> [Work required]
Among the lines below, take the one holding "c (scaleC d", the one holding "(cstar x * x)", and all lines between them. Set them down exactly.

═════ Recorded information ═════

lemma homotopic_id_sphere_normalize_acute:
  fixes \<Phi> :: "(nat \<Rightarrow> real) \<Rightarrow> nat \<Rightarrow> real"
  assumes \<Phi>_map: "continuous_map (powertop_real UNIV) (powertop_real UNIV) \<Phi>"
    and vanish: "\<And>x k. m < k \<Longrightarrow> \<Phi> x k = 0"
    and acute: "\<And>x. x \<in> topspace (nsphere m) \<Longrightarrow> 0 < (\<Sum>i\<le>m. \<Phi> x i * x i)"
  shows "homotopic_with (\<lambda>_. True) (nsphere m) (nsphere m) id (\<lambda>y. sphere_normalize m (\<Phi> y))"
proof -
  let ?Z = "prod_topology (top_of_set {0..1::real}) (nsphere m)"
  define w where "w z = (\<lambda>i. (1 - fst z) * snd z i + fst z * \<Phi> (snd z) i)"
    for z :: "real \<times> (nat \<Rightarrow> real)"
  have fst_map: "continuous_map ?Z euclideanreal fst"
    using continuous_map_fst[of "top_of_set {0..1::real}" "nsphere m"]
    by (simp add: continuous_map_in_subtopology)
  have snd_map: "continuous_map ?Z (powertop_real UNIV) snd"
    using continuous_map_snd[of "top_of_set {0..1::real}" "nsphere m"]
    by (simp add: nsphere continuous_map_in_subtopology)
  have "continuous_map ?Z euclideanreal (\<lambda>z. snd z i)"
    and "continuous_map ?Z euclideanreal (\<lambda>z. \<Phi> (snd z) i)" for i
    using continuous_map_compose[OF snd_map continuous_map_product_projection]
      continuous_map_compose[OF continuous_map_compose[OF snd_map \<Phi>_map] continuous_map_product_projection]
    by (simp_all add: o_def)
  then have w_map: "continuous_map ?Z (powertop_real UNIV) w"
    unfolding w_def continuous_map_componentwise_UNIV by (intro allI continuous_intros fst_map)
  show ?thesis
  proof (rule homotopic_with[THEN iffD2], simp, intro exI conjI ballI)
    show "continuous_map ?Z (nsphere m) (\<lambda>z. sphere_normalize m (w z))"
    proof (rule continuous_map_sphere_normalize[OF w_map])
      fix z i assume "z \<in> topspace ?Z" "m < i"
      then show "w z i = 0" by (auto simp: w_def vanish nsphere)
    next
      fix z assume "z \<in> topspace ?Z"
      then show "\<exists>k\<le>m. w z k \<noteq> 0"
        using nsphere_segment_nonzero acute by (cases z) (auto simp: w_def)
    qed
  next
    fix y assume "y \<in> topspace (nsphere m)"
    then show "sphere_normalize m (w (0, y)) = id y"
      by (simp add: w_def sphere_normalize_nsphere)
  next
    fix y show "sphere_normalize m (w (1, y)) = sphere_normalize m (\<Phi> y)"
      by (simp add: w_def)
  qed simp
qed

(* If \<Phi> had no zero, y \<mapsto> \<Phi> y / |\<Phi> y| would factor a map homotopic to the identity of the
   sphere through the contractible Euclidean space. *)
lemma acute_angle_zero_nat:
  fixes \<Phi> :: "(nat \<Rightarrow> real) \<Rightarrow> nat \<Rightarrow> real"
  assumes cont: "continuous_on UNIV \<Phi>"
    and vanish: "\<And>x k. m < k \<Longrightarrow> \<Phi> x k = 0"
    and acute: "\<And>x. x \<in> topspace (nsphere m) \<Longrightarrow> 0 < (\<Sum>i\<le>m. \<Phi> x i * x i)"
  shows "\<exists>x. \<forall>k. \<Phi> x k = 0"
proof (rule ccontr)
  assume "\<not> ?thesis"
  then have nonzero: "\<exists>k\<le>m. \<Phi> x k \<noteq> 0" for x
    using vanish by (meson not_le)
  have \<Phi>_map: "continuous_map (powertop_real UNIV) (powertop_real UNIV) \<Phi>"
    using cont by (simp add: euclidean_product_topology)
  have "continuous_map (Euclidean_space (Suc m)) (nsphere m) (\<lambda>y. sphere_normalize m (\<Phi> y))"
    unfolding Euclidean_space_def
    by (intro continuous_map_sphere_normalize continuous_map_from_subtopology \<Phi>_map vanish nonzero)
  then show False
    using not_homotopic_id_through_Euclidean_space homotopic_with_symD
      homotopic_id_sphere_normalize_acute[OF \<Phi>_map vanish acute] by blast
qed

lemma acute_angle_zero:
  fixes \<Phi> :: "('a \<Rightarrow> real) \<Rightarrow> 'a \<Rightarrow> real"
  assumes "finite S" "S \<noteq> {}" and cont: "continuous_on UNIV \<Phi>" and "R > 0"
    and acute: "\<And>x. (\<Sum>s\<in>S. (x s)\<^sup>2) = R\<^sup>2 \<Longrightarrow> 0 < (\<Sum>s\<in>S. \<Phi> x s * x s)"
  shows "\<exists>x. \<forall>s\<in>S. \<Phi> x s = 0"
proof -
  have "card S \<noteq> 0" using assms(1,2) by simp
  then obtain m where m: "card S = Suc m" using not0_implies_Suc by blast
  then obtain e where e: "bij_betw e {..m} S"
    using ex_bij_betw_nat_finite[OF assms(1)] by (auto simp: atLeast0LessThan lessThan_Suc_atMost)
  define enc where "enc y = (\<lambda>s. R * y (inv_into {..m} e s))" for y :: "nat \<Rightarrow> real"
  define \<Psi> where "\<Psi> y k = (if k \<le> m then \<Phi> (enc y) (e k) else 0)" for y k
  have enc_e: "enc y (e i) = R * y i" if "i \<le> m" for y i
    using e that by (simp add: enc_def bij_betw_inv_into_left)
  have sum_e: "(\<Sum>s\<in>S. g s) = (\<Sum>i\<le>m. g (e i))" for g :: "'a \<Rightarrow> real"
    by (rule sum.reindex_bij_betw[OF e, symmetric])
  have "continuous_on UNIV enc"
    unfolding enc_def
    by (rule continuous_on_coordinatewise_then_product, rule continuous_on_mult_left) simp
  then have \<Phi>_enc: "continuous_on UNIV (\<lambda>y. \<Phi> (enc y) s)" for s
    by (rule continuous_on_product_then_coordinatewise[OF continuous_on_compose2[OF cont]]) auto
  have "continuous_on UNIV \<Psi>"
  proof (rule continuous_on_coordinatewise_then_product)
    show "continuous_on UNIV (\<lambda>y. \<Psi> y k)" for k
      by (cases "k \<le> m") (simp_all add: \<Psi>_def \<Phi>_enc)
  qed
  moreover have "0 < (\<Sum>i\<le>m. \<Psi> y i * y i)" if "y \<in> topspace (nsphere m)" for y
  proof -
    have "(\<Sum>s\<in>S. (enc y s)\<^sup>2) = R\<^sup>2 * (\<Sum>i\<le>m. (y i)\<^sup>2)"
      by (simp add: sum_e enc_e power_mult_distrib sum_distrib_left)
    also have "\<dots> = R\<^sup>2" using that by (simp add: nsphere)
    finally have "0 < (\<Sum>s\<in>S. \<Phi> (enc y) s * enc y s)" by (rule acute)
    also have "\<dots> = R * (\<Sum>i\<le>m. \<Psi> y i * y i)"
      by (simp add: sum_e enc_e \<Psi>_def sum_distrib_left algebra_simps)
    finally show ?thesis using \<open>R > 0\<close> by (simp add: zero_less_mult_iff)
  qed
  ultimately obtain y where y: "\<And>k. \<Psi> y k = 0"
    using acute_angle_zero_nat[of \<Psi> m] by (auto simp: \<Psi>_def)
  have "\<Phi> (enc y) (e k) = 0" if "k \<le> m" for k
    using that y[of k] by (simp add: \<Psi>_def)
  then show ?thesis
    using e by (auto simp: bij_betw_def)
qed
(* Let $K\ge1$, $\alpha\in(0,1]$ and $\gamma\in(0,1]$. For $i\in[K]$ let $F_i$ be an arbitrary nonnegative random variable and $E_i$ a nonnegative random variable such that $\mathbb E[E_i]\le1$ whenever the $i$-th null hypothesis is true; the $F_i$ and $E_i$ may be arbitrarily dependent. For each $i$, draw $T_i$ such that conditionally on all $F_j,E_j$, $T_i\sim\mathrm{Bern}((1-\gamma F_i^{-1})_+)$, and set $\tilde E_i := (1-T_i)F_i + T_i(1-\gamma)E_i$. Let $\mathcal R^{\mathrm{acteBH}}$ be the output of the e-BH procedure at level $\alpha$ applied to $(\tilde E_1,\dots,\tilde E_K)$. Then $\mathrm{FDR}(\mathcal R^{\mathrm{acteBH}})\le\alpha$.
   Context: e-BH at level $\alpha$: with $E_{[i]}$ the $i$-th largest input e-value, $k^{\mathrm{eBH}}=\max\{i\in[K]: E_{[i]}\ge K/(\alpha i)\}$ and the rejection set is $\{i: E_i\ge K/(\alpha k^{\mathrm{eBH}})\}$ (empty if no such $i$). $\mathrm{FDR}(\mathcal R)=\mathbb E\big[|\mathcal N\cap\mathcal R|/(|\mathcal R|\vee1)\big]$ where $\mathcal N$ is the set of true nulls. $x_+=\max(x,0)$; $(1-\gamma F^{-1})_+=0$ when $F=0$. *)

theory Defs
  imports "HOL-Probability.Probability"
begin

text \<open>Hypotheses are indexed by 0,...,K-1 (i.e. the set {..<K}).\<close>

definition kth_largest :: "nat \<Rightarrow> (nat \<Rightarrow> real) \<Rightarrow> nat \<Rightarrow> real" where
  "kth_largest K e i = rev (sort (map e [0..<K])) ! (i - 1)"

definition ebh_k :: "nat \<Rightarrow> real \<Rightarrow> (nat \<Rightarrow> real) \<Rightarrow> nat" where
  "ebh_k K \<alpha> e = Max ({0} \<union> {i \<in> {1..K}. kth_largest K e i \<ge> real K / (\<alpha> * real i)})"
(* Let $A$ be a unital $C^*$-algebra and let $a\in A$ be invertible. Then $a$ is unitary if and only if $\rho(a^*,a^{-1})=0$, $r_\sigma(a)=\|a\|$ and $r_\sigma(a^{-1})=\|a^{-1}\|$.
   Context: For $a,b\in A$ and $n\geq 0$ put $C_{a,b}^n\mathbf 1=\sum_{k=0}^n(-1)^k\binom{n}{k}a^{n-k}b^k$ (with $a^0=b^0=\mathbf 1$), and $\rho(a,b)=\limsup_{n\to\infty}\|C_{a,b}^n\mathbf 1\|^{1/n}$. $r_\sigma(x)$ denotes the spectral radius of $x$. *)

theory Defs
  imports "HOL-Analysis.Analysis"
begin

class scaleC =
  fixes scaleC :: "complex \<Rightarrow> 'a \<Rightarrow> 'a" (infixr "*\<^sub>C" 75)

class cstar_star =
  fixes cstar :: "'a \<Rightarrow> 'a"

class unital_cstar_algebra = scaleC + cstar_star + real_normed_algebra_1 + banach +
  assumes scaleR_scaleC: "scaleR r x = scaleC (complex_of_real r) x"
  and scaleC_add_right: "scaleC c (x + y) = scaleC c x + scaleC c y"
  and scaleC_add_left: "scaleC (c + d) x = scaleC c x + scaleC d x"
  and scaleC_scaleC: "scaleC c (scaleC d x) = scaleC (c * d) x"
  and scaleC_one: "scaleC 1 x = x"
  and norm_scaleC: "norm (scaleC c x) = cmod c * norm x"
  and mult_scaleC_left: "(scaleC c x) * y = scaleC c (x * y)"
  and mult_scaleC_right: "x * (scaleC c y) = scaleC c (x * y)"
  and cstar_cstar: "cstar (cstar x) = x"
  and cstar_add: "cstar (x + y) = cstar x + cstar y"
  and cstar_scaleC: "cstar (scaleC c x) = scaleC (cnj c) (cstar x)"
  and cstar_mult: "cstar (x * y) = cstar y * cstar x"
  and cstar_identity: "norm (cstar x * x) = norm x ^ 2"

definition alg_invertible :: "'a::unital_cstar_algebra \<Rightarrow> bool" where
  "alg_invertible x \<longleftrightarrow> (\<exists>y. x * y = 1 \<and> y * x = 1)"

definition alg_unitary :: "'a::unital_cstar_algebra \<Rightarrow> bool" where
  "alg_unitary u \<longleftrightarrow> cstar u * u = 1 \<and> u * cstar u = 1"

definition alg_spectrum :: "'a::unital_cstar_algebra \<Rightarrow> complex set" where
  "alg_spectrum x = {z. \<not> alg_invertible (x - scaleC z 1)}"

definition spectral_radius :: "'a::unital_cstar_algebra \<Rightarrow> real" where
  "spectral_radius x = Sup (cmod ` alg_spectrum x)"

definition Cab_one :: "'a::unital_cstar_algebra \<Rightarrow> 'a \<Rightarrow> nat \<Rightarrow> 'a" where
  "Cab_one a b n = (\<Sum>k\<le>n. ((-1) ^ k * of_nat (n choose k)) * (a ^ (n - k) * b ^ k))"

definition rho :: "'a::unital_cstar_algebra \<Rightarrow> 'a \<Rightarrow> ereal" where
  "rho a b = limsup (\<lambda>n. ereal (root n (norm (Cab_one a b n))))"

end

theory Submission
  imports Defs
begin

═════
═════ Recorded information ═════

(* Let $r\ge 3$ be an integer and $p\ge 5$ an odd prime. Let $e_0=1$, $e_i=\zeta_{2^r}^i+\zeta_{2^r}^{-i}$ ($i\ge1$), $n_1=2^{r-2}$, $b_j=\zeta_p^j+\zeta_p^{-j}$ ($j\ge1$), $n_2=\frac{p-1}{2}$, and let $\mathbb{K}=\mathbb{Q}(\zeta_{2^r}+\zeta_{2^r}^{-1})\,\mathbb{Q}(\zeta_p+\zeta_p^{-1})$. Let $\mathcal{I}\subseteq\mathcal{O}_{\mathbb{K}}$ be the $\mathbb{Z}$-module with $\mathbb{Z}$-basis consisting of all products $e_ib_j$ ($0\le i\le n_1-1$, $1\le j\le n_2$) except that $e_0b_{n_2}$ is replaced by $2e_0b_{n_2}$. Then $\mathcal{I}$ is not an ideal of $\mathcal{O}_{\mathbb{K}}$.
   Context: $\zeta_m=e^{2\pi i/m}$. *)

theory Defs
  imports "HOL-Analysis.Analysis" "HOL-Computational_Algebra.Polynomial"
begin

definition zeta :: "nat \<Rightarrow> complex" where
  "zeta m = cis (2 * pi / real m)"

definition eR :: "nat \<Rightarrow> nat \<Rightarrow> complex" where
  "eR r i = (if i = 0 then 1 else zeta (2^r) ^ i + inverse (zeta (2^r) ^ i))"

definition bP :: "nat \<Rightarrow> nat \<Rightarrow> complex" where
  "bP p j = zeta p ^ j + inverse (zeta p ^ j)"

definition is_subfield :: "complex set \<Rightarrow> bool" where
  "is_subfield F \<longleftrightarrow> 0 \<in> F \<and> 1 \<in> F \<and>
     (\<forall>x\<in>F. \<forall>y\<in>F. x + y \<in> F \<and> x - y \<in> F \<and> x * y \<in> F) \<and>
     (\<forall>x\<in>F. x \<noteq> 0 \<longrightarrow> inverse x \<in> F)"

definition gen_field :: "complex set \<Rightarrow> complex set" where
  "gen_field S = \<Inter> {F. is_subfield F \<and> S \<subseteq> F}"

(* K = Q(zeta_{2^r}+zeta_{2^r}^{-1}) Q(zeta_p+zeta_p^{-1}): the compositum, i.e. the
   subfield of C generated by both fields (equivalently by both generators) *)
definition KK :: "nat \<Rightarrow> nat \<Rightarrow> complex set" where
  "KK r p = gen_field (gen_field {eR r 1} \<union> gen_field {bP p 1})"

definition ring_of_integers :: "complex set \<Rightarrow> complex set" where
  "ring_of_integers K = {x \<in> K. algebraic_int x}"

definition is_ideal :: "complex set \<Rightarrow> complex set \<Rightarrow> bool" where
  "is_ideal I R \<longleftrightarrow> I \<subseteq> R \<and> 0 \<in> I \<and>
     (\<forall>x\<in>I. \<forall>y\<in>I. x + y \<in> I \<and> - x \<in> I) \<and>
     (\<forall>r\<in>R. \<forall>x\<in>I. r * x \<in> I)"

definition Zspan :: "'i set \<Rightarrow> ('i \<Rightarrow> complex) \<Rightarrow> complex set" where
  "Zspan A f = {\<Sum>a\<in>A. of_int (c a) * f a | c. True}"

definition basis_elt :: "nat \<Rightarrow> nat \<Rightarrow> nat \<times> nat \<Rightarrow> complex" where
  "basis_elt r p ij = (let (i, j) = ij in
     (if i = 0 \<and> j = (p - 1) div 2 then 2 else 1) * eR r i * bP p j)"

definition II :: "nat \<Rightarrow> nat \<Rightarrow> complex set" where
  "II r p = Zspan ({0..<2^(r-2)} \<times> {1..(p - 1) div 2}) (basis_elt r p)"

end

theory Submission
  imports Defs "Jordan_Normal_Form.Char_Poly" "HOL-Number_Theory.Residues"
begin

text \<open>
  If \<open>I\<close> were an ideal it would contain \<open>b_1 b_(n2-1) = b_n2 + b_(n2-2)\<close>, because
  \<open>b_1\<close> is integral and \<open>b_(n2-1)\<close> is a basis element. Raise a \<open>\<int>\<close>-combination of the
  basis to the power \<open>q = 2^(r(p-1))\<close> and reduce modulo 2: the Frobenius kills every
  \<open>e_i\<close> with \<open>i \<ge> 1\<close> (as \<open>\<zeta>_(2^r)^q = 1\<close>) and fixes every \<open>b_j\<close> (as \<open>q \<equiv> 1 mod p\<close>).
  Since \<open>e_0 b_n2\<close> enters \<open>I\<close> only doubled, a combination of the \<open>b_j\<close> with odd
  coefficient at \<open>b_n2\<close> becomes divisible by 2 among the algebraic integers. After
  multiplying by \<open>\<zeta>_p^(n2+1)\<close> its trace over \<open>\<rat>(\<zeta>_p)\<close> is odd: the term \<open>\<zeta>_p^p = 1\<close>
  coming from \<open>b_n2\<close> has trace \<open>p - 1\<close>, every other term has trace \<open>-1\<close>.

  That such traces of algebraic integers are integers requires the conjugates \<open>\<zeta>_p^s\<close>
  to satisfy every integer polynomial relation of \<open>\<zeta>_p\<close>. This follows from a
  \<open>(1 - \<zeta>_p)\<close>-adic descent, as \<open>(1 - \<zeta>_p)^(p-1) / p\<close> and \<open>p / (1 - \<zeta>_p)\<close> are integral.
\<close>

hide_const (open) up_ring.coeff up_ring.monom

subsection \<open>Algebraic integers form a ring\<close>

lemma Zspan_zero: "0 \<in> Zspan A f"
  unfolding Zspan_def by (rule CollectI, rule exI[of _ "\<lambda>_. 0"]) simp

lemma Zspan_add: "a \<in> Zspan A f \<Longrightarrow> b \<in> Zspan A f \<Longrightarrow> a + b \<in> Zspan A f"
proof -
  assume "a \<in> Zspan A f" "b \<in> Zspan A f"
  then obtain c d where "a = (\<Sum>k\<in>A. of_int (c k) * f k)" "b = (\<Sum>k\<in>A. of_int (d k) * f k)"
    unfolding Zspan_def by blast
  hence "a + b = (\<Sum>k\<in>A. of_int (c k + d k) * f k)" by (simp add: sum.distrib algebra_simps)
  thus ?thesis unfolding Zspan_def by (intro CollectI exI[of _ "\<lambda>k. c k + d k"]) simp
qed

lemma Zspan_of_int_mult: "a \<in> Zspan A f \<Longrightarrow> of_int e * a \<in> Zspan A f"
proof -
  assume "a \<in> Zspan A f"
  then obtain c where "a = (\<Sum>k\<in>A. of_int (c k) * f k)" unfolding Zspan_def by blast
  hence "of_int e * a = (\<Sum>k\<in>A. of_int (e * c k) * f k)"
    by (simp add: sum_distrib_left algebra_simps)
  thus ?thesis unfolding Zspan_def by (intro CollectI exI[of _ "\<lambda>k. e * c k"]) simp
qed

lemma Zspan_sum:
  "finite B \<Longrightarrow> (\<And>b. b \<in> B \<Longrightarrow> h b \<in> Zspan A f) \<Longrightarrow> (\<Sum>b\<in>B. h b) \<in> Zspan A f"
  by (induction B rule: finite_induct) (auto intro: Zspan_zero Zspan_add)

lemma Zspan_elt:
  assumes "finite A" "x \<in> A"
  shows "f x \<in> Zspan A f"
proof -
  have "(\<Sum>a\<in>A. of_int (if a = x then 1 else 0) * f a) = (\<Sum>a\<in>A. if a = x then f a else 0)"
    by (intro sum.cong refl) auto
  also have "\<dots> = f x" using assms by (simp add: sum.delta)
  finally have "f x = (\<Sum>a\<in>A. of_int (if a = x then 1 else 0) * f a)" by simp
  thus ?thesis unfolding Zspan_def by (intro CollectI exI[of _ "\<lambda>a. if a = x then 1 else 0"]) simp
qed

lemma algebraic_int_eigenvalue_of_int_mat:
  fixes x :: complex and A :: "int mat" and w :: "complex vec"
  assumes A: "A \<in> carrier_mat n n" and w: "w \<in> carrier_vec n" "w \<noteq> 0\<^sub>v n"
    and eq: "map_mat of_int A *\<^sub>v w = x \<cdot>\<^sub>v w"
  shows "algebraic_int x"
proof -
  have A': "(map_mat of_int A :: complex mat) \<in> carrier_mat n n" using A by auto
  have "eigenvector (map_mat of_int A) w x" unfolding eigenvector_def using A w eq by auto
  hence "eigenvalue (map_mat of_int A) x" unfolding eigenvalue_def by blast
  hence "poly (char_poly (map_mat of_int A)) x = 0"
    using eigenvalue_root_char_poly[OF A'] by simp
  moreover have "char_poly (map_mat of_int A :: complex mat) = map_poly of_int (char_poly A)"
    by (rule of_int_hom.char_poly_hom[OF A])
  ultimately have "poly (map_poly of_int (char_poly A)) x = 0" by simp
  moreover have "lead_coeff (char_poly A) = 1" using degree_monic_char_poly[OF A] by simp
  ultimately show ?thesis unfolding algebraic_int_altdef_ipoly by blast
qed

═════

> [Reply to the task]
  and scaleC_scaleC: "scaleC c (scaleC d x) = scaleC (c * d) x"
  and scaleC_one: "scaleC 1 x = x"
  and norm_scaleC: "norm (scaleC c x) = cmod c * norm x"
  and mult_scaleC_left: "(scaleC c x) * y = scaleC c (x * y)"
  and mult_scaleC_right: "x * (scaleC c y) = scaleC c (x * y)"
  and cstar_cstar: "cstar (cstar x) = x"
  and cstar_add: "cstar (x + y) = cstar x + cstar y"
  and cstar_scaleC: "cstar (scaleC c x) = scaleC (cnj c) (cstar x)"
  and cstar_mult: "cstar (x * y) = cstar y * cstar x"
  and cstar_identity: "norm (cstar x * x) = norm x ^ 2"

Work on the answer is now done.